Find out what data and applications are best for cloud storage, what design factors to consider and how to choose the right service to meet short- and long-term needs of remote workers.

The scramble to support ubiquitous work-from-home environments has hit every corner of IT, but the effects on infrastructure operations haven't been uniform. Organizations operating primarily from internally managed, on-premises infrastructure that supported few remote workers were hit hard as they quickly found themselves with inadequate VPN capacity and system designs ill-matched to a distributed workforce. In contrast, those that had embraced cloud services largely avoided service disruptions and performance degradation.

The inherent advantages of cloud services -- particularly the ability to rapidly scale capacity and geographically distribute data and workloads -- are well suited for a distributed workforce. Cloud storage is a notable area of cloud strength. Here, we examine cloud storage best practices: the types of data and applications most appropriate for cloud storage, design considerations for remote workers and work-from-home (WFH) environments, and choosing between IaaS and SaaS offerings.

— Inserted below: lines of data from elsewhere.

(* Let $q\in\mathbb{C}\setminus\{0,1\}$ with a fixed square root $q^{1/2}$, and let $r\in\mathbb{C}$. For all integers $m,n\ge 0$, $$D_{q,x}\,H_{m,n}(x,y;q,r)=\frac{2q^{-\frac{m-1}{2}}(1-q^m)}{1-q}\,H_{m-1,n}(x,y;q,q^{1/2}r),\qquad D_{q,y}\,H_{m,n}(x,y;q,r)=\frac{2q^{-\frac{n-1}{2}}(1-q^n)}{1-q}\,H_{m,n-1}(x,y;q,q^{1/2}r),$$ with the convention $H_{-1,n}=H_{m,-1}=0$.
   Context: The continuous $q$-Hermite polynomials $H_n(x;q)\in\mathbb{C}[x]$ are defined by $H_{-1}=0$, $H_0=1$, $H_{n+1}(x;q)=2xH_n(x;q)-(1-q^n)H_{n-1}(x;q)$. The bivariate continuous $q$-Hermite polynomials $H_{m,n}(x,y;q,r)\in\mathbb{C}[x,y]$ are defined by $H_{-1,n}=H_{m,-1}=0$, $H_{0,n}(x,y;q,r)=H_n(y;q)$ and, for $m,n\ge 0$, $H_{m+1,n}=2xH_{m,n}-(1-q^m)H_{m-1,n}-q^m(1-q^n)rH_{m,n-1}$ (all evaluated at $(x,y;q,r)$). The Askey–Wilson type operator $D_q$ on polynomials $f(x)$ is defined by writing $x=\tfrac12(z+z^{-1})$ and setting $$D_qf(x)=\frac{f\big(\tfrac12(q^{1/2}z+q^{-1/2}z^{-1})\big)-f\big(\tfrac12(q^{-1/2}z+q^{1/2}z^{-1})\big)}{\tfrac12(q^{1/2}-q^{-1/2})(z-z^{-1})},$$ which is again a polynomial in $x$; $D_{q,x}$ and $D_{q,y}$ denote this operator acting in the variable $x$, resp. $y$, of a bivariate polynomial. *)

theory Defs
  imports Complex_Main
begin

text \<open>Continuous q-Hermite polynomials, evaluated at x (H_{-1} = 0 built in).\<close>
fun qHermite :: "nat \<Rightarrow> complex \<Rightarrow> complex \<Rightarrow> complex" where
  "qHermite 0 x q = 1"
| "qHermite (Suc 0) x q = 2 * x"
| "qHermite (Suc (Suc n)) x q =
     2 * x * qHermite (Suc n) x q - (1 - q ^ Suc n) * qHermite n x q"

fun biHermite_nat :: "nat \<Rightarrow> nat \<Rightarrow> complex \<Rightarrow> complex \<Rightarrow> complex \<Rightarrow> complex \<Rightarrow> complex" where
  "biHermite_nat 0 n x y q r = qHermite n y q"
| "biHermite_nat (Suc m) n x y q r =
     2 * x * biHermite_nat m n x y q r
     - (1 - q ^ m) * (if m = 0 then 0 else biHermite_nat (m - 1) n x y q r)
     - q ^ m * (1 - q ^ n) * r * (if n = 0 then 0 else biHermite_nat m (n - 1) x y q r)"

definition biHermite :: "int \<Rightarrow> int \<Rightarrow> complex \<Rightarrow> complex \<Rightarrow> complex \<Rightarrow> complex \<Rightarrow> complex" where
  "biHermite m n x y q r =
     (if m < 0 \<or> n < 0 then 0 else biHermite_nat (nat m) (nat n) x y q r)"

text \<open>The Askey--Wilson type operator D_q applied to f, evaluated at x = (z + 1/z)/2,
  where s is the fixed square root q^{1/2}. Meaningful for z \<noteq> 0, z \<noteq> z^{-1}.\<close>
definition joukowski :: "complex \<Rightarrow> complex" where
  "joukowski z = (z + inverse z) / 2"

definition AW_D :: "complex \<Rightarrow> (complex \<Rightarrow> complex) \<Rightarrow> complex \<Rightarrow> complex" where
  "AW_D s f z =
     (f (joukowski (s * z)) - f (joukowski (z / s)))
     / ((s - inverse s) * (z - inverse z) / 2)"

end

theory Submission
  imports Defs
begin

text \<open>Put x = (z + 1/z)/2. The recurrence of the q-Hermite polynomials yields the shift formula
  s^n H_n((sz + 1/(sz))/2) = H_n(x) + (q^n - 1) z H_{n-1}(x); subtracting its image under
  z \<mapsto> 1/z gives the divided difference of H_n. The recurrence of H_{m,n} in m has coefficients
  independent of y, so the y-difference of H_{m,n} follows by induction on m; the extra factor s
  picked up when passing from s^n to s^{n-1} is absorbed into r, which is why the parameter becomes
  s r. The x-part follows from the symmetry H_{m,n}(x,y) = H_{n,m}(y,x), i.e. from the analogous
  recurrence in n.\<close>

lemma qHermite_Suc:
  "qHermite (Suc n) x q = 2 * x * qHermite n x q - (1 - q ^ n) * qHermite (n - 1) x q"
  by (cases n) simp_all

lemma biHermite_nat_Suc_left:
  "biHermite_nat (Suc m) n x y q r =
     2 * x * biHermite_nat m n x y q r - (1 - q ^ m) * biHermite_nat (m - 1) n x y q r
     - q ^ m * (1 - q ^ n) * r * biHermite_nat m (n - 1) x y q r"
  by simp

text \<open>The guards of the defining equation are redundant: each guarded term carries the factor
  1 - q^0 = 0, so the truncated subtraction 0 - 1 = 0 is harmless. The same holds for all
  recurrences below.\<close>
declare biHermite_nat.simps(2) [simp del]

lemma biHermite_nat_0_right: "biHermite_nat m 0 x y q r = qHermite m x q"
proof (induction m rule: induct_nat_012)
  case (ge2 n)
  then show ?case by (simp add: biHermite_nat_Suc_left)
qed (simp_all add: biHermite_nat_Suc_left)

lemma one_minus_power_mult_power_pred:
  "(1 - a ^ k) * b ^ k = (1 - a ^ k) * (b * b ^ (k - 1))" for a b :: "'a::comm_ring_1"
  by (cases k) simp_all

lemma one_minus_power_mult_biHermite_nat:
  "(1 - q ^ m) * biHermite_nat m n x y q r =
     (1 - q ^ m) * (2 * x * biHermite_nat (m - 1) n x y q r
       - (1 - q ^ (m - 1)) * biHermite_nat (m - 2) n x y q r
       - q ^ (m - 1) * (1 - q ^ n) * r * biHermite_nat (m - 1) (n - 1) x y q r)"
  by (cases m) (simp_all add: biHermite_nat_Suc_left)

text \<open>Read a = q^k, b = q^n, c = q^{k-1}, d = q^{n-1}, R = H_{k,n}, A = H_{k+1,n+1}, etc. The
  recurrences one step down hold only for positive indices, hence enter multiplied by 1 - a, 1 - b.\<close>
lemma biHermite_recurrence_swap_step:
  fixes x y q r a c b d A P Q R S T U V W Xa Xb :: "'a::idom"
  assumes "A = 2*x*P - (1 - a)*Q - a*(1 - q*b)*r*R"
    and "P = 2*y*R - (1 - b)*S - b*(1 - a)*r*T"
    and "Q = 2*y*T - (1 - b)*U - b*(1 - c)*r*Xa"
    and "V = 2*x*R - (1 - a)*T - a*(1 - b)*r*S"
    and "W = 2*x*S - (1 - a)*U - a*(1 - d)*r*Xb"
    and "(1 - a) * R = (1 - a) * (2*x*T - (1 - c)*Xa - c*(1 - b)*r*U)"
    and "(1 - b) * R = (1 - b) * (2*y*S - (1 - d)*Xb - d*(1 - a)*r*U)"
    and "(1 - a) * a = (1 - a) * (q * c)"
    and "(1 - b) * b = (1 - b) * (q * d)"
  shows "A = 2*y*V - (1 - b)*W - b*(1 - q*a)*r*R"
  using assms by algebra

lemma biHermite_nat_Suc_right:
  "biHermite_nat m (Suc n) x y q r =
     2 * y * biHermite_nat m n x y q r - (1 - q ^ n) * biHermite_nat m (n - 1) x y q r
     - q ^ n * (1 - q ^ m) * r * biHermite_nat (m - 1) n x y q r"
proof (induction m arbitrary: n rule: less_induct)
  case (less m)
  let ?B = "\<lambda>i j. biHermite_nat i j x y q r"
  show ?case
  proof (cases m)
    case 0
    then show ?thesis by (simp add: qHermite_Suc)
  next
    case (Suc k)
    have pred_right: "(1 - q ^ n) * ?B k n = (1 - q ^ n) * (2 * y * ?B k (n - 1)
        - (1 - q ^ (n - 1)) * ?B k (n - 2) - q ^ (n - 1) * (1 - q ^ k) * r * ?B (k - 1) (n - 1))"
      by (cases n) (simp_all add: less.IH Suc)
    have "?B (Suc k) (Suc n) = 2 * y * ?B (Suc k) n - (1 - q ^ n) * ?B (Suc k) (n - 1)
        - q ^ n * (1 - q * q ^ k) * r * ?B k n"
      by (rule biHermite_recurrence_swap_step[where x = x and y = y
            and P = "?B k (Suc n)" and Q = "?B (k - 1) (Suc n)" and T = "?B (k - 1) n"
            and S = "?B k (n - 1)" and U = "?B (k - 1) (n - 1)" and Xa = "?B (k - 2) n"
            and Xb = "?B k (n - 2)" and c = "q ^ (k - 1)" and d = "q ^ (n - 1)"])
        (simp_all add: biHermite_nat_Suc_left less.IH Suc pred_right one_minus_power_mult_biHermite_nat
          one_minus_power_mult_power_pred numeral_2_eq_2)
    then show ?thesis using Suc by simp
  qed
qed

lemma biHermite_nat_swap: "biHermite_nat m n x y q r = biHermite_nat n m y x q r"
proof (induction m arbitrary: n rule: less_induct)
  case (less m)
  show ?case
  proof (cases m)
    case 0
    then show ?thesis by (simp add: biHermite_nat_0_right)
  next
    case (Suc k)
    then show ?thesis
      using less.IH[of k n] less.IH[of "k - 1" n] less.IH[of k "n - 1"]
      by (simp add: biHermite_nat_Suc_left biHermite_nat_Suc_right mult_ac)
  qed
qed

lemma joukowski_inverse: "joukowski (inverse z) = joukowski z"
  by (simp add: joukowski_def add.commute)

text \<open>Both sides of the shift formula obey P_{k+1} = (qz + 1/z) P_k - q (1 - q^k) P_{k-1}.\<close>
lemma qHermite_shift_step:
  fixes z z' e q Q H H' H'' :: "'a::idom"
  assumes "z * z' = 1" and "e = z + z'"
    and "H'' = e * H' - (1 - q * Q) * H" and "H' = e * H - (1 - Q) * H\<^sub>0"
  shows "(q * z + z') * (H' + (q * Q - 1) * z * H) - q * (1 - q * Q) * (H + (Q - 1) * z * H\<^sub>0)
    = H'' + (q * (q * Q) - 1) * z * H'"
  using assms by algebra

lemma qHermite_joukowski_mult:
  assumes "z \<noteq> 0" and "s \<noteq> 0" and "s ^ 2 = q"
  shows "s ^ n * qHermite n (joukowski (s * z)) q
    = qHermite n (joukowski z) q + (q ^ n - 1) * z * qHermite (n - 1) (joukowski z) q"
proof (induction n rule: induct_nat_012)
  case 0
  show ?case by simp
next
  case 1
  show ?case using assms by (simp add: joukowski_def field_simps power2_eq_square)
next
  case (ge2 n)
  let ?H = "\<lambda>k. qHermite k (joukowski z) q"
  have u: "s * (2 * joukowski (s * z)) = q * z + inverse z"
    using assms by (simp add: joukowski_def field_simps power2_eq_square)
  have "s ^ Suc (Suc n) * qHermite (Suc (Suc n)) (joukowski (s * z)) q
      = s * (2 * joukowski (s * z)) * (s ^ Suc n * qHermite (Suc n) (joukowski (s * z)) q)
        - s ^ 2 * (1 - q * q ^ n) * (s ^ n * qHermite n (joukowski (s * z)) q)"
    by (simp add: algebra_simps power2_eq_square)
  also have "\<dots> = (q * z + inverse z) * (?H (Suc n) + (q * q ^ n - 1) * z * ?H n)
        - q * (1 - q * q ^ n) * (?H n + (q ^ n - 1) * z * ?H (n - 1))"
    using ge2 by (simp add: u assms(3))
  also have "\<dots> = ?H (Suc (Suc n)) + (q * (q * q ^ n) - 1) * z * ?H (Suc n)"
    by (rule qHermite_shift_step[where e = "2 * joukowski z"])
      (simp_all add: assms(1) qHermite_Suc joukowski_def)
  finally show ?case by simp
qed

lemma qHermite_joukowski_diff:
  assumes "z \<noteq> 0" and "s \<noteq> 0" and "s ^ 2 = q"
  shows "s ^ n * (qHermite n (joukowski (s * z)) q - qHermite n (joukowski (z / s)) q)
    = (q ^ n - 1) * (z - inverse z) * qHermite (n - 1) (joukowski z) q"
proof -
  have "joukowski (z / s) = joukowski (s * inverse z)"
    using assms(1,2) by (simp add: joukowski_def field_simps)
  then have "s ^ n * qHermite n (joukowski (z / s)) q
      = qHermite n (joukowski z) q + (q ^ n - 1) * inverse z * qHermite (n - 1) (joukowski z) q"
    using qHermite_joukowski_mult[of "inverse z", OF _ assms(2,3)] assms(1)
    by (simp add: joukowski_inverse)
  then show ?thesis
    unfolding right_diff_distrib qHermite_joukowski_mult[OF assms] by (simp add: algebra_simps)
qed

lemma biHermite_nat_joukowski_diff_right:
  assumes "z \<noteq> 0" and "s \<noteq> 0" and "s ^ 2 = q"
  shows "s ^ n * (biHermite_nat m n x (joukowski (s * z)) q r
      - biHermite_nat m n x (joukowski (z / s)) q r)
    = (q ^ n - 1) * (z - inverse z) * biHermite_nat m (n - 1) x (joukowski z) q (s * r)"
proof (induction m arbitrary: n rule: less_induct)
  case (less m)
  let ?\<Delta> = "\<lambda>i j. biHermite_nat i j x (joukowski (s * z)) q r
    - biHermite_nat i j x (joukowski (z / s)) q r"
  let ?B = "\<lambda>i j. biHermite_nat i j x (joukowski z) q (s * r)"
  show ?case
  proof (cases m)
    case 0
    then show ?thesis by (simp add: qHermite_joukowski_diff[OF assms])
  next
    case (Suc k)
    have smaller: "k < m" "k - 1 < m"
      using Suc by simp_all
    have "s ^ n * ?\<Delta> (Suc k) n
        = 2 * x * (s ^ n * ?\<Delta> k n) - (1 - q ^ k) * (s ^ n * ?\<Delta> (k - 1) n)
        - q ^ k * r * ((1 - q ^ n) * s ^ n * ?\<Delta> k (n - 1))"
      by (simp add: biHermite_nat_Suc_left algebra_simps)
    also have "\<dots> = 2 * x * (s ^ n * ?\<Delta> k n) - (1 - q ^ k) * (s ^ n * ?\<Delta> (k - 1) n)
        - q ^ k * r * s * (1 - q ^ n) * (s ^ (n - 1) * ?\<Delta> k (n - 1))"
      unfolding one_minus_power_mult_power_pred[of q n s] by (simp only: mult_ac)
    also have "\<dots> = (q ^ n - 1) * (z - inverse z)
        * (2 * x * ?B k (n - 1) - (1 - q ^ k) * ?B (k - 1) (n - 1)
        - q ^ k * (1 - q ^ (n - 1)) * (s * r) * ?B k (n - 1 - 1))"
      unfolding less.IH[OF smaller(1)] less.IH[OF smaller(2)] by (simp add: algebra_simps)
    also have "\<dots> = (q ^ n - 1) * (z - inverse z) * ?B (Suc k) (n - 1)"
      by (simp add: biHermite_nat_Suc_left)
    finally show ?thesis using Suc by simp
  qed
qed

lemma biHermite_nat_joukowski_diff_left:
  assumes "z \<noteq> 0" and "s \<noteq> 0" and "s ^ 2 = q"
  shows "s ^ m * (biHermite_nat m n (joukowski (s * z)) y q r
      - biHermite_nat m n (joukowski (z / s)) y q r)
    = (q ^ m - 1) * (z - inverse z) * biHermite_nat (m - 1) n (joukowski z) y q (s * r)"
  using biHermite_nat_joukowski_diff_right[OF assms, of m n y r]
  by (simp only: biHermite_nat_swap[of _ n])

lemma biHermite_int_nat: "biHermite (int m) (int n) x y q r = biHermite_nat m n x y q r"
  by (simp add: biHermite_def)

lemma biHermite_pred_left:
  "biHermite (int m - 1) (int n) x y q r = (if m = 0 then 0 else biHermite_nat (m - 1) n x y q r)"
  by (simp add: biHermite_def nat_diff_distrib)

lemma biHermite_pred_right:
  "biHermite (int m) (int n - 1) x y q r = (if n = 0 then 0 else biHermite_nat m (n - 1) x y q r)"
  by (simp add: biHermite_def nat_diff_distrib)

lemma AW_D_eq_of_diff:
  assumes "z \<noteq> 0" and "z\<^sup>2 \<noteq> 1" and "q \<noteq> 0" and "q \<noteq> 1" and "s ^ 2 = q"
    and diff: "s ^ k * (f (joukowski (s * z)) - f (joukowski (z / s)))
      = (q ^ k - 1) * (z - inverse z) * X"
  shows "AW_D s f z = 2 * s powi (1 - int k) * (1 - q ^ k) / (1 - q) * X"
proof -
  have "s \<noteq> 0"
    using assms(3,5) by auto
  have "z - inverse z \<noteq> 0"
    using assms(1,2) by (auto simp: field_simps power2_eq_square)
  have "f (joukowski (s * z)) - f (joukowski (z / s)) = (q ^ k - 1) * (z - inverse z) * X / s ^ k"
    using diff \<open>s \<noteq> 0\<close> by (simp add: field_simps)
  then have "AW_D s f z = 2 * (q ^ k - 1) / (s ^ k * (s - inverse s)) * X"
    using \<open>z - inverse z \<noteq> 0\<close> by (simp add: AW_D_def)
  also have "s ^ k * (s - inverse s) = s ^ k / s * (q - 1)"
    using \<open>s \<noteq> 0\<close> assms(5) by (simp add: field_simps power2_eq_square)
  also have "2 * (q ^ k - 1) / (s ^ k / s * (q - 1))
      = 2 * s powi (1 - int k) * (1 - q ^ k) / (1 - q)"
    using \<open>s \<noteq> 0\<close> assms(4) by (simp add: power_int_diff field_simps)
  finally show ?thesis .
qed

theorem proposition3p5:
  fixes q s r :: complex and m n :: nat
  assumes "q \<noteq> 0" and "q \<noteq> 1" and "s ^ 2 = q"
  shows "(\<forall>z y. z \<noteq> 0 \<and> z\<^sup>2 \<noteq> 1 \<longrightarrow>
           AW_D s (\<lambda>x. biHermite (int m) (int n) x y q r) z
           = 2 * s powi (1 - int m) * (1 - q ^ m) / (1 - q)
             * biHermite (int m - 1) (int n) (joukowski z) y q (s * r)) \<and>
         (\<forall>z x. z \<noteq> 0 \<and> z\<^sup>2 \<noteq> 1 \<longrightarrow>
           AW_D s (\<lambda>y. biHermite (int m) (int n) x y q r) z
           = 2 * s powi (1 - int n) * (1 - q ^ n) / (1 - q)
             * biHermite (int m) (int n - 1) x (joukowski z) q (s * r))"
proof -
  have "s \<noteq> 0"
    using assms(1,3) by auto
  show ?thesis
  proof (intro conjI allI impI)
    fix z y :: complex
    assume "z \<noteq> 0 \<and> z\<^sup>2 \<noteq> 1"
    then show "AW_D s (\<lambda>x. biHermite (int m) (int n) x y q r) z
        = 2 * s powi (1 - int m) * (1 - q ^ m) / (1 - q)
          * biHermite (int m - 1) (int n) (joukowski z) y q (s * r)"
      using biHermite_nat_joukowski_diff_left[OF _ \<open>s \<noteq> 0\<close> assms(3)]
      by (intro AW_D_eq_of_diff) (simp_all add: assms biHermite_int_nat biHermite_pred_left)
  next
    fix z x :: complex
    assume "z \<noteq> 0 \<and> z\<^sup>2 \<noteq> 1"
    then show "AW_D s (\<lambda>y. biHermite (int m) (int n) x y q r) z
        = 2 * s powi (1 - int n) * (1 - q ^ n) / (1 - q)
          * biHermite (int m) (int n - 1) x (joukowski z) q (s * r)"
      using biHermite_nat_joukowski_diff_right[OF _ \<open>s \<noteq> 0\<close> assms(3)]
      by (intro AW_D_eq_of_diff) (simp_all add: assms biHermite_int_nat biHermite_pred_right)
  qed
qed

end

Choosing what to use and what data to move

Cloud storage can accommodate any type of enterprise data; thus, when considering cloud services, the focus should be on an organization's needs and intended applications. Cloud backup and archive are the logical first step for new cloud users, but they don't fully address specific challenges of the WFH environment, which stem from the need to provide a distributed workforce with reliable, performant access to information.

cloud storage use cases

While there are few quick fixes in enterprise IT, addressing WFH needs can be split into short- and long-term cloud storage best practices. Here are some recommendations for both time frames.

Short-term cloud storage best practices

There are different options available for organizations that are looking to meet immediate WFH cloud storage needs, depending on their existing storage infrastructure:

Cloud storage can accommodate any type of enterprise data; thus, when considering cloud services, the focus should be on an organization's needs and intended applications.
  • Many organizations can move employee and project file shares to a SaaS storage product. The best approach would be to use one that's part of or integrated with your organization's standard productivity software -- e.g., Apple iWork, Google G Suite or Microsoft 365.
  • Organizations with extensive and sophisticated NAS deployments, particularly those with geographically distributed storage arrays using a global file system, should integrate the existing NAS environment with their primary cloud service. The details of doing this will vary with the local software being used, but extending a global file system to the cloud is relatively straightforward. For example, Panzura works with Amazon S3, making the cloud object store the authoritative source that replicates to Panzura filers and clients -- both PC and mobile. In contrast, Avere uses a vFXT instance in the cloud as a proxy to bridge on-premises NAS filers and cloud storage on Google Cloud, Azure and others.
  • Organizations with on-premises file shares using basic NAS protocols, like NFS and SMB, should migrate data to a managed NAS service, such as Amazon FSx for Windows File Server, Amazon Elastic File System, Azure Files or Google Cloud Filestore. Synchronize on-premises and cloud environments using the provider's synchronization service, like AWS DataSync or Azure File Sync, or manually using a command like rsync, and direct WFH users to the cloud shares.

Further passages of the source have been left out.